Alongside our Vision, we also have a Mission Statement – and this too is threefold. Well, it is well-known that Anglicans love the Trinity! The Mission Statement says this:

Across the diverse countries and cultures of our region, we seek:

• First, to honour God in worship that feeds and empowers us for faithful witness and service

• Second, to embody and proclaim the message of God’s redemptive hope and healing for people and creation

• And third, to grow communities of faith that form, inform, and transform those who follow Christ

Like the AWF, we start with prayer and worship – for all of life must be lived in grateful response to God who first created and then redeemed us. And it is this which feeds and strengthens us so we can live the life to which we are called: a life of faithful mission and witness, service and stewardship – as the AWF would put it.

We are seeking to live out this through eight key themes, committing ourselves at Provincial level to the following priorities: Liturgical renewal for transformative worship; theological education and formation; leadership development; health, including HIV and AIDS, malaria, and tuberculosis; the environment; women and gender; protection and nurture of children and young people; and public advocacy.
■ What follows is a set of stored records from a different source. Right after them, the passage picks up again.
lemma Eh_summable_bound:
  assumes "binary_policy h" "\<And>xs. xs \<in> paths x n \<Longrightarrow> \<bar>f xs\<bar> \<le> K"
  shows "(\<lambda>xs. path_prob P h xs * f xs) summable_on paths x n"
    and "\<bar>Eh P h x n f\<bar> \<le> K"
proof -
  have majorant: "(\<lambda>xs. path_prob P h xs * K) summable_on paths x n"
    using path_prob_has_sum[OF assms(1)] summable_on_cmult_left summable_on_def by blast
  have le: "norm (path_prob P h xs * f xs) \<le> path_prob P h xs * K" if "xs \<in> paths x n" for xs
    using path_prob_nonneg[OF assms(1)] assms(2)[OF that] by (simp add: abs_mult mult_left_mono)
  have norm_summable: "(\<lambda>xs. norm (path_prob P h xs * f xs)) summable_on paths x n"
    by (rule Infinite_Sum.abs_summable_on_comparison_test'[OF majorant le])
  then show "(\<lambda>xs. path_prob P h xs * f xs) summable_on paths x n"
    using summable_on_iff_abs_summable_on_real by blast
  have "norm (Eh P h x n f) \<le> infsum (\<lambda>xs. norm (path_prob P h xs * f xs)) (paths x n)"
    unfolding Eh_def by (rule norm_infsum_bound[OF norm_summable])
  also have "\<dots> \<le> infsum (\<lambda>xs. path_prob P h xs * K) (paths x n)"
    by (rule infsum_mono[OF norm_summable majorant le])
  also have "\<dots> = K"
    using infsum_cmult_left'[of "path_prob P h" K] infsumI[OF path_prob_has_sum[OF assms(1)]]
    by simp
  finally show "\<bar>Eh P h x n f\<bar> \<le> K" by simp
qed
(* Let $0<\Omega\le1/2$ and let $F\in\mathcal{F}_0$ be supported on a finite set $\Sigma\subset\mathbb{R}\setminus\{0\}$. Then in the noiseless setting $m=1$ sample suffices for exact recovery of the sparsity pattern of any vector from the source $\mathcal{X}(\Omega,F)$ (all of whose nonzero entries lie in $\Sigma$), and the noiseless sampling rate distortion function of $\mathcal{X}(\Omega,F)$ is $\rho_0(\alpha)=0$ for all $\alpha\in[0,1]$.
   Context: Setup. For each $n$, let $k=\lfloor \Omega n\rfloor$ and $m=\lceil \rho n\rceil$. For $\mathbf{x}\in\mathbb{R}^n$ its sparsity pattern is $\mathbf{s}=\{i: x_i\neq 0\}$. One observes $\mathbf{Y}=\mathbf{A}\mathbf{x}$ (noiseless setting), where $\mathbf{A}$ is a random $m\times n$ real matrix, independent of $\mathbf{x}$, with $\mathbb{E}[\mathrm{tr}(\mathbf{A}\mathbf{A}^T)]=m$. An estimator is any map $\hat{\mathbf{s}}(\mathbf{Y},\mathbf{A},k)$ returning a subset of $\{1,\dots,n\}$ of size $k$; it may use knowledge of the source. The distortion is $d(\mathbf{s},\hat{\mathbf{s}})=1-|\mathbf{s}\cap\hat{\mathbf{s}}|/|\mathbf{s}|$. A vector source is a collection of sequences $(\mathbf{x}^n)$, $\mathbf{x}^n\in\mathbb{R}^n$; $(\rho,\alpha)$ is achievable if for each $n$ there exist an estimator and a random $\lceil\rho n\rceil\times n$ sampling matrix such that for every sequence in the source $\Pr\{d(\mathbf{s}(\mathbf{x}^n),\hat{\mathbf{s}})>\alpha\}\to0$; $\rho_0(\alpha)$ is the infimum of achievable $\rho\ge0$. $\mathcal{F}_0$ is the set of distribution functions $F$ of real random variables $X$ with $\mathbb{E}X^2<\infty$ and $\Pr\{X=0\}=0$. $\mathcal{X}(\Omega)$ is the set of sequences with $\mathbf{x}^n$ having exactly $\lfloor\Omega n\rfloor$ nonzero entries; $\mathcal{X}(\Omega,F)$ is the set of sequences in $\mathcal{X}(\Omega)$ for which $\sup_{x}|F_{\mathbf{x}^n}(x)-F(x)|\to0$, where $F_{\mathbf{x}^n}(x)=\frac1k\sum_{i\in\mathbf{s}}\mathbf{1}(x_i\le x)$ is the empirical distribution of the nonzero entries. *)

theory Defs
  imports "HOL-Probability.Probability"
begin

text \<open>Vectors in R^n are functions nat => real vanishing outside indices below n;
  m x n matrices are functions nat => nat => real (entries outside the range are zero).\<close>

definition k_of :: "real \<Rightarrow> nat \<Rightarrow> nat" where
  "k_of Om n = nat \<lfloor>Om * real n\<rfloor>"

definition m_of :: "real \<Rightarrow> nat \<Rightarrow> nat" where
  "m_of rho n = nat \<lceil>rho * real n\<rceil>"

definition sparsity_pattern :: "nat \<Rightarrow> (nat \<Rightarrow> real) \<Rightarrow> nat set" where
  "sparsity_pattern n x = {i. i < n \<and> x i \<noteq> 0}"

definition mat_vec :: "nat \<Rightarrow> nat \<Rightarrow> (nat \<Rightarrow> nat \<Rightarrow> real) \<Rightarrow> (nat \<Rightarrow> real) \<Rightarrow> (nat \<Rightarrow> real)" where
  "mat_vec m n A x = (\<lambda>i. if i < m then (\<Sum>j<n. A i j * x j) else 0)"

definition distortion :: "nat set \<Rightarrow> nat set \<Rightarrow> real" where
  "distortion s s' = 1 - real (card (s \<inter> s')) / real (card s)"

definition sampling_matrix :: "nat \<Rightarrow> nat \<Rightarrow> (nat \<Rightarrow> nat \<Rightarrow> real) measure \<Rightarrow> bool" where
  "sampling_matrix m n M \<longleftrightarrow>
     prob_space M \<and>
     space M \<subseteq> {A. \<forall>i j. (m \<le> i \<or> n \<le> j) \<longrightarrow> A i j = 0} \<and>
     (\<lambda>A. ennreal (\<Sum>i<m. \<Sum>j<n. (A i j)\<^sup>2)) \<in> borel_measurable M \<and>
     (\<integral>\<^sup>+ A. ennreal (\<Sum>i<m. \<Sum>j<n. (A i j)\<^sup>2) \<partial>M) = of_nat m"

definition valid_estimator ::
  "nat \<Rightarrow> nat \<Rightarrow> ((nat \<Rightarrow> real) \<Rightarrow> (nat \<Rightarrow> nat \<Rightarrow> real) \<Rightarrow> nat \<Rightarrow> nat set) \<Rightarrow> bool" where
  "valid_estimator n k est \<longleftrightarrow> (\<forall>Y A. est Y A k \<subseteq> {..<n} \<and> card (est Y A k) = k)"

text \<open>Sources are sets of sequences (x^n), x^n in R^n.\<close>
definition achievable ::
  "real \<Rightarrow> (nat \<Rightarrow> nat \<Rightarrow> real) set \<Rightarrow> real \<Rightarrow> real \<Rightarrow> bool" where
  "achievable Om S rho \<alpha> \<longleftrightarrow>
     (\<exists>Ms ests. (\<forall>n. sampling_matrix (m_of rho n) n (Ms n) \<and>
                      valid_estimator n (k_of Om n) (ests n)) \<and>
       (\<forall>xs\<in>S.
          (\<forall>n. {A \<in> space (Ms n). distortion (sparsity_pattern n (xs n))
                 (ests n (mat_vec (m_of rho n) n A (xs n)) A (k_of Om n)) > \<alpha>} \<in> sets (Ms n)) \<and>
          (\<lambda>n. measure (Ms n) {A \<in> space (Ms n). distortion (sparsity_pattern n (xs n))
                 (ests n (mat_vec (m_of rho n) n A (xs n)) A (k_of Om n)) > \<alpha>})
             \<longlonglongrightarrow> 0))"

definition rho0 :: "real \<Rightarrow> (nat \<Rightarrow> nat \<Rightarrow> real) set \<Rightarrow> real \<Rightarrow> real" where
  "rho0 Om S \<alpha> = Inf {rho. rho \<ge> 0 \<and> achievable Om S rho \<alpha>}"

definition F0 :: "(real \<Rightarrow> real) set" where
  "F0 = {F. \<exists>\<mu>. real_distribution \<mu> \<and> F = cdf \<mu> \<and>
              integrable \<mu> (\<lambda>x. x\<^sup>2) \<and> measure \<mu> {0} = 0}"

definition supported_on :: "(real \<Rightarrow> real) \<Rightarrow> real set \<Rightarrow> bool" where
  "supported_on F Sig \<longleftrightarrow> (\<exists>\<mu>. real_distribution \<mu> \<and> F = cdf \<mu> \<and> measure \<mu> Sig = 1)"

definition source_X :: "real \<Rightarrow> (nat \<Rightarrow> nat \<Rightarrow> real) set" where
  "source_X Om = {xs. \<forall>n. (\<forall>i\<ge>n. xs n i = 0) \<and> card (sparsity_pattern n (xs n)) = k_of Om n}"

definition empirical_cdf :: "nat \<Rightarrow> (nat \<Rightarrow> real) \<Rightarrow> real \<Rightarrow> real" where
  "empirical_cdf n x t =
     real (card {i \<in> sparsity_pattern n x. x i \<le> t}) / real (card (sparsity_pattern n x))"

definition source_XF :: "real \<Rightarrow> (real \<Rightarrow> real) \<Rightarrow> (nat \<Rightarrow> nat \<Rightarrow> real) set" where
  "source_XF Om F = {xs \<in> source_X Om.
     (\<lambda>n. SUP t. \<bar>empirical_cdf n (xs n) t - F t\<bar>) \<longlonglongrightarrow> 0}"

end

theory Submission imports Defs begin

text \<open>Over a finite alphabet \<open>T\<close> there is a linear form \<open>L x = \<Sum>i<n. a i * x i\<close> that is
  injective on the vectors with entries in \<open>T\<close>: the coefficients are chosen one at a time, the
  new one avoiding the finitely many ratios \<open>(L y - L x) / (s - t)\<close> that would produce a
  collision. Scaled to unit norm, \<open>a\<close> is a single sampling row whose one noiseless measurement
  determines the vector, hence its sparsity pattern. Since this works for every \<open>n\<close>, every
  positive rate achieves zero distortion.\<close>

definition alphabet_vectors :: "'a::zero set \<Rightarrow> nat \<Rightarrow> (nat \<Rightarrow> 'a) set" where
  "alphabet_vectors T n = {x. (\<forall>i<n. x i \<in> T) \<and> (\<forall>i\<ge>n. x i = 0)}"

lemma finite_alphabet_vectors:
  assumes "finite T"
  shows "finite (alphabet_vectors T n)"
proof -
  have "alphabet_vectors T n \<subseteq> (\<lambda>f i. if i < n then f i else 0) ` (PiE {..<n} (\<lambda>_. T))"
  proof
    fix x assume x: "x \<in> alphabet_vectors T n"
    then have "x = (\<lambda>i. if i < n then restrict x {..<n} i else 0)"
      and "restrict x {..<n} \<in> PiE {..<n} (\<lambda>_. T)"
      by (auto simp: alphabet_vectors_def)
    then show "x \<in> (\<lambda>f i. if i < n then f i else 0) ` (PiE {..<n} (\<lambda>_. T))"
      by blast
  qed
  moreover have "finite (PiE {..<n} (\<lambda>_. T))"
    using assms by (intro finite_PiE) auto
  ultimately show ?thesis
    by (meson finite_imageI finite_subset)
qed

lemma exists_injective_linear_form:
  fixes T :: "'a::field_char_0 set"
  assumes "finite T"
  shows "\<exists>a. (\<forall>i<n. a i \<noteq> 0) \<and> inj_on (\<lambda>x. \<Sum>i<n. a i * x i) (alphabet_vectors T n)"
proof (induction n)
  case 0
  have "alphabet_vectors T 0 \<subseteq> {\<lambda>_. 0}"
    by (auto simp: alphabet_vectors_def)
  then show ?case
    by (auto intro: inj_on_subset)
next
  case (Suc n)
  then obtain a where "\<forall>i<n. a i \<noteq> 0"
    and inj: "inj_on (\<lambda>x. \<Sum>i<n. a i * x i) (alphabet_vectors T n)"
    by blast
  define L where "L x = (\<Sum>i<n. a i * x i)" for x :: "nat \<Rightarrow> 'a"
  define V where "V = alphabet_vectors T n"
  define Bad where "Bad = insert 0 ((\<lambda>(x, y, s, t). (L y - L x) / (s - t)) ` (V \<times> V \<times> T \<times> T))"
  have "finite Bad"
    unfolding Bad_def V_def using assms by (auto intro: finite_alphabet_vectors)
  then obtain c where c: "c \<notin> Bad"
    using ex_new_if_finite[OF infinite_UNIV_char_0] by blast
  define a' where "a' = a(n := c)"
  have L_Suc: "(\<Sum>i<Suc n. a' i * x i) = L (x(n := 0)) + c * x n" for x
  proof -
    have "(\<Sum>i<n. a' i * x i) = L (x(n := 0))"
      unfolding L_def a'_def by (intro sum.cong) auto
    then show ?thesis by (simp add: a'_def)
  qed
  have "inj_on (\<lambda>x. \<Sum>i<Suc n. a' i * x i) (alphabet_vectors T (Suc n))"
  proof (rule inj_onI)
    fix x y
    assume x: "x \<in> alphabet_vectors T (Suc n)" and y: "y \<in> alphabet_vectors T (Suc n)"
      and "(\<Sum>i<Suc n. a' i * x i) = (\<Sum>i<Suc n. a' i * y i)"
    then have eq: "L (x(n := 0)) + c * x n = L (y(n := 0)) + c * y n"
      by (simp only: L_Suc)
    have x': "x(n := 0) \<in> alphabet_vectors T n" and y': "y(n := 0) \<in> alphabet_vectors T n"
      using x y by (auto simp: alphabet_vectors_def)
    show "x = y"
    proof (cases "x n = y n")
      case True
      with eq have "L (x(n := 0)) = L (y(n := 0))" by simp
      then have "x(n := 0) = y(n := 0)"
        using inj_onD[OF inj _ x' y'] unfolding L_def by blast
      with True show ?thesis
        by (metis fun_upd_idem_iff fun_upd_upd)
    next
      case False
      then have "c = (L (y(n := 0)) - L (x(n := 0))) / (x n - y n)"
        using eq by (simp add: field_simps)
      moreover have "x(n := 0) \<in> V" "y(n := 0) \<in> V" "x n \<in> T" "y n \<in> T"
        using x' y' x y by (auto simp: V_def alphabet_vectors_def)
      ultimately have "c \<in> Bad"
        unfolding Bad_def by (intro insertI2 image_eqI[where x = "(x(n:=0), y(n:=0), x n, y n)"]) auto
      with c show ?thesis by blast
    qed
  qed
  moreover have "\<forall>i<Suc n. a' i \<noteq> 0"
    using \<open>\<forall>i<n. a i \<noteq> 0\<close> c by (auto simp: a'_def Bad_def less_Suc_eq)
  ultimately show ?case by blast
qed

lemma exists_unit_injective_linear_form:
  fixes T :: "real set"
  assumes "finite T" and "0 < n"
  shows "\<exists>a. (\<Sum>j<n. (a j)\<^sup>2) = 1 \<and> inj_on (\<lambda>x. \<Sum>j<n. a j * x j) (alphabet_vectors T n)"
proof -
  obtain a where "\<forall>i<n. a i \<noteq> 0"
    and inj: "inj_on (\<lambda>x. \<Sum>i<n. a i * x i) (alphabet_vectors T n)"
    using exists_injective_linear_form[OF assms(1)] by blast
  define r where "r = (\<Sum>j<n. (a j)\<^sup>2)"
  have "0 < (a 0)\<^sup>2" "(a 0)\<^sup>2 \<le> r"
    using \<open>\<forall>i<n. a i \<noteq> 0\<close> assms(2) unfolding r_def by (auto intro: member_le_sum)
  then have "0 < r" by linarith
  define b where "b j = a j / sqrt r" for j
  have "(\<Sum>j<n. (b j)\<^sup>2) = (\<Sum>j<n. (a j)\<^sup>2) / r"
    using \<open>0 < r\<close> by (simp add: b_def power_divide sum_divide_distrib)
  also have "\<dots> = 1"
    using \<open>0 < r\<close> by (simp add: r_def)
  finally have "(\<Sum>j<n. (b j)\<^sup>2) = 1" .
  moreover have "(\<Sum>j<n. b j * x j) = (\<Sum>j<n. a j * x j) / sqrt r" for x
    by (simp add: b_def sum_divide_distrib)
  then have "inj_on (\<lambda>x. \<Sum>j<n. b j * x j) (alphabet_vectors T n)"
    using inj \<open>0 < r\<close> by (simp add: inj_on_def)
  ultimately show ?thesis by blast
qed

definition repeated_row :: "nat \<Rightarrow> nat \<Rightarrow> (nat \<Rightarrow> real) \<Rightarrow> nat \<Rightarrow> nat \<Rightarrow> real" where
  "repeated_row m n a = (\<lambda>i j. if i < m \<and> j < n then a j else 0)"

lemma mat_vec_repeated_row:
  "0 < m \<Longrightarrow> mat_vec m n (repeated_row m n a) x 0 = (\<Sum>j<n. a j * x j)"
  by (simp add: mat_vec_def repeated_row_def)

lemma sampling_matrix_return:
  assumes "\<forall>i j. m \<le> i \<or> n \<le> j \<longrightarrow> A i j = 0" and "(\<Sum>i<m. \<Sum>j<n. (A i j)\<^sup>2) = m"
  shows "sampling_matrix m n (return (count_space {A}) A)"
  unfolding sampling_matrix_def
proof (intro conjI)
  show "prob_space (return (count_space {A}) A)"
    by (rule prob_space_return) simp
qed (use assms in \<open>auto simp: measurable_cong_sets[OF sets_return refl] nn_integral_return
                               ennreal_of_nat_eq_real_of_nat\<close>)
Two further themes – transformation, and holistic mission rooted in a full commitment to evangelism – run through and undergird all these, rather than being matters to address separately. We must also keep in mind the imperatives of justice and reconciliation, gender equality, poverty, and youth.

It is important to stress that all this is for us to do at Provincial level. The Vision, Mission Statement, and priorities are to be placed alongside those of dioceses and parishes. They are not intended to displace them, nor to impose any framework ‘from above’ on the grass-roots life of our Church. Rather, they identify issues that are best addressed at Provincial level, to encourage, strengthen, and support what is being done in these areas at parish and diocesan level. For we know that each Diocese has its own particular context, its own challenges, and therefore its own priorities for tackling these, according to the grace and calling of God. It is not the role of the Province to tell Dioceses what to do. But it is our job to support them, across this whole diversity – sharing in common what can be done at that level, even if the particular expression of each theme finds different form according to specific context.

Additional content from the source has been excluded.